- _EXERCISE DIRECTIONS_: Scan the records for "close". Show the matching lines.

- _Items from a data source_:
☆ ☆ ☆
primrec subst1 :: "subst \<Rightarrow> trm \<Rightarrow> trm" where
  "subst1 \<sigma> (Var x) = (case \<sigma> x of Some u \<Rightarrow> u | None \<Rightarrow> Var x)"
| "subst1 \<sigma> (Nm n) = Nm n"
| "subst1 \<sigma> (Cst c) = Cst c"
| "subst1 \<sigma> (Enc a b c) = Enc (subst1 \<sigma> a) (subst1 \<sigma> b) (subst1 \<sigma> c)"
| "subst1 \<sigma> (Dec a b) = Dec (subst1 \<sigma> a) (subst1 \<sigma> b)"
| "subst1 \<sigma> (Enca a b c) = Enca (subst1 \<sigma> a) (subst1 \<sigma> b) (subst1 \<sigma> c)"
| "subst1 \<sigma> (Deca a b) = Deca (subst1 \<sigma> a) (subst1 \<sigma> b)"
| "subst1 \<sigma> (Pub a) = Pub (subst1 \<sigma> a)"
| "subst1 \<sigma> (Priv a) = Priv (subst1 \<sigma> a)"
| "subst1 \<sigma> (Pair a b) = Pair (subst1 \<sigma> a) (subst1 \<sigma> b)"
| "subst1 \<sigma> (Pi1 a) = Pi1 (subst1 \<sigma> a)"
| "subst1 \<sigma> (Pi2 a) = Pi2 (subst1 \<sigma> a)"
| "subst1 \<sigma> (Sign a b) = Sign (subst1 \<sigma> a) (subst1 \<sigma> b)"
| "subst1 \<sigma> (Check a b c) = Check (subst1 \<sigma> a) (subst1 \<sigma> b) (subst1 \<sigma> c)"
| "subst1 \<sigma> (Retrieve a) = Retrieve (subst1 \<sigma> a)"

text \<open>Application \<open>T\<sigma>\<close> of an acyclic substitution: iterate the one-step application
  \<open>card (dom \<sigma>)\<close> times, which resolves every chain of an acyclic substitution.\<close>
definition app :: "subst \<Rightarrow> trm \<Rightarrow> trm" where
  "app \<sigma> t = (subst1 \<sigma> ^^ card (dom \<sigma>)) t"
lemma ode_field_mult_mat_vec:
  assumes "M \<in> carrier_mat d d" "\<theta> \<in> carrier_vec d"
  shows "ode_field d M r \<theta> = vec d (\<lambda>i. \<theta> $ i * (r $ i - (M *\<^sub>v \<theta>) $ i))"
  using assms by (intro eq_vecI) (simp_all add: ode_field_def scalar_prod_def lessThan_atLeast0)

lemma nonneg_vec_eq_0_outside_supp:
  assumes "nonneg_vec d \<theta>" "i < d" "i \<notin> supp_vec d \<theta>"
  shows "\<theta> $ i = 0"
  using assms by (auto simp: nonneg_vec_def supp_vec_def less_eq_real_def)

lemma nonneg_fixed_point_support_iff_restr:
  assumes M: "M \<in> carrier_mat d d" and r: "r \<in> carrier_vec d" and I: "I \<subseteq> {..<d}"
  shows "is_fixed_point d M r \<theta> \<and> nonneg_vec d \<theta> \<and> supp_vec d \<theta> = I \<longleftrightarrow>
    \<theta> \<in> carrier_vec d \<and> (\<forall>i<d. i \<notin> I \<longrightarrow> \<theta> $ i = 0) \<and> (\<forall>i\<in>I. \<theta> $ i > 0) \<and>
    submatrix M I I *\<^sub>v vec_restr \<theta> I = vec_restr r I"
proof -
  have support: "nonneg_vec d \<theta> \<and> supp_vec d \<theta> = I \<longleftrightarrow>
      (\<forall>i<d. i \<notin> I \<longrightarrow> \<theta> $ i = 0) \<and> (\<forall>i\<in>I. \<theta> $ i > 0)"
    using I by (auto simp: nonneg_vec_def supp_vec_def less_le)
  moreover have "ode_field d M r \<theta> = 0\<^sub>v d \<longleftrightarrow>
      submatrix M I I *\<^sub>v vec_restr \<theta> I = vec_restr r I"
    if \<theta>: "\<theta> \<in> carrier_vec d" and vanish: "\<forall>i<d. i \<notin> I \<longrightarrow> \<theta> $ i = 0"
      and pos: "\<forall>i\<in>I. \<theta> $ i > 0"
  proof -
    have "\<theta> $ i * (r $ i - (M *\<^sub>v \<theta>) $ i) = 0 \<longleftrightarrow> (i \<in> I \<longrightarrow> (M *\<^sub>v \<theta>) $ i = r $ i)"
      if "i < d" for i
      using vanish pos that by (cases "i \<in> I") auto
    then have "ode_field d M r \<theta> = 0\<^sub>v d \<longleftrightarrow> (\<forall>i\<in>I. (M *\<^sub>v \<theta>) $ i = r $ i)"
      using I unfolding ode_field_mult_mat_vec[OF M \<theta>] vec_eq_iff by auto
    also have "\<dots> \<longleftrightarrow> vec_restr (M *\<^sub>v \<theta>) I = vec_restr r I"
      using M \<theta> r by (intro vec_restr_eq_iff[OF I, symmetric]) (auto intro: carrier_vecI)
    also have "vec_restr (M *\<^sub>v \<theta>) I = submatrix M I I *\<^sub>v vec_restr \<theta> I"
      by (rule vec_restr_mult_mat_vec_vanishing_outside[OF M \<theta> I vanish])
    finally show ?thesis .
  qed
  ultimately show ?thesis unfolding is_fixed_point_def by blast
qed
lemma right_dependent_mod_jacobson:
  fixes v :: "'b \<Rightarrow> nat \<Rightarrow> 'a::ring_1"
  assumes local: "local_ring TYPE('a)"
    and "finite K" and "m < card K" and "\<forall>k\<in>K. \<forall>l\<ge>m. v k l \<in> jacobson"
  shows "\<exists>c. (\<exists>k\<in>K. c k \<notin> jacobson) \<and> (\<forall>l. (\<Sum>k\<in>K. v k l * c k) \<in> jacobson)"
  using assms(2-)
proof (induction m arbitrary: K v)
  case 0
  then have "K \<noteq> {}" by auto
  then show ?case
    using 0 local_ring_one_notin_jacobson[OF local] by (intro exI[of _ "\<lambda>_. 1"]) (auto intro!: jacobson_sum)
next
  case (Suc m)
  show ?case
  proof (cases "\<forall>k\<in>K. v k m \<in> jacobson")
    case True
    then show ?thesis using Suc.IH[of K v] Suc.prems by (metis Suc_le_eq Suc_lessD le_eq_less_or_eq)
  next
    case False
    then obtain p where p: "p \<in> K" "v p m \<notin> jacobson" by blast
    obtain u where u: "v p m * u = 1" "u * v p m = 1" by (rule local_ring_invertible[OF local p(2)])
    define w where "w = (\<lambda>k l. v k l - v p l * u * v k m)"
    have "w k l \<in> jacobson" if "k \<in> K - {p}" "m \<le> l" for k l
    proof (cases "l = m")
      case False
      then have "v k l \<in> jacobson" "v p l \<in> jacobson" using Suc.prems(3) that p by auto
      then show ?thesis unfolding w_def by (intro jacobson_diff local_ring_jacobson_mult_right[OF local])
    qed (use u jacobson_zero in \<open>simp add: w_def\<close>)
    moreover have "m < card (K - {p})" using Suc.prems(1,2) p by simp
    ultimately obtain c where c: "\<exists>k\<in>K - {p}. c k \<notin> jacobson" "\<forall>l. (\<Sum>k\<in>K - {p}. w k l * c k) \<in> jacobson"
      using Suc.IH[of "K - {p}" w] Suc.prems(1) by auto
    define c' where "c' = c(p := - (\<Sum>k\<in>K - {p}. u * v k m * c k))"
    have "(\<Sum>k\<in>K. v k l * c' k) = (\<Sum>k\<in>K - {p}. w k l * c k)" for l
    proof -
      have "(\<Sum>k\<in>K. v k l * c' k) = v p l * c' p + (\<Sum>k\<in>K - {p}. v k l * c k)"
        using Suc.prems(1) p by (auto simp: c'_def sum.remove intro!: sum.cong)
      also have "\<dots> = (\<Sum>k\<in>K - {p}. w k l * c k)"
        by (simp add: c'_def w_def sum_distrib_left left_diff_distrib sum_subtractf mult.assoc)
      finally show ?thesis .
    qed
    then show ?thesis using c by (intro exI[of _ c']) (auto simp: c'_def)
  qed
qed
☆ ☆ ☆
- _EXERCISE SOLUTION_:
text \<open>Application \<open>T\<sigma>\<close> of an acyclic substitution: iterate the one-step application
  \<open>card (dom \<sigma>)\<close> times, which resolves every chain of an acyclic substitution.\<close>
    qed (use u jacobson_zero in \<open>simp add: w_def\<close>)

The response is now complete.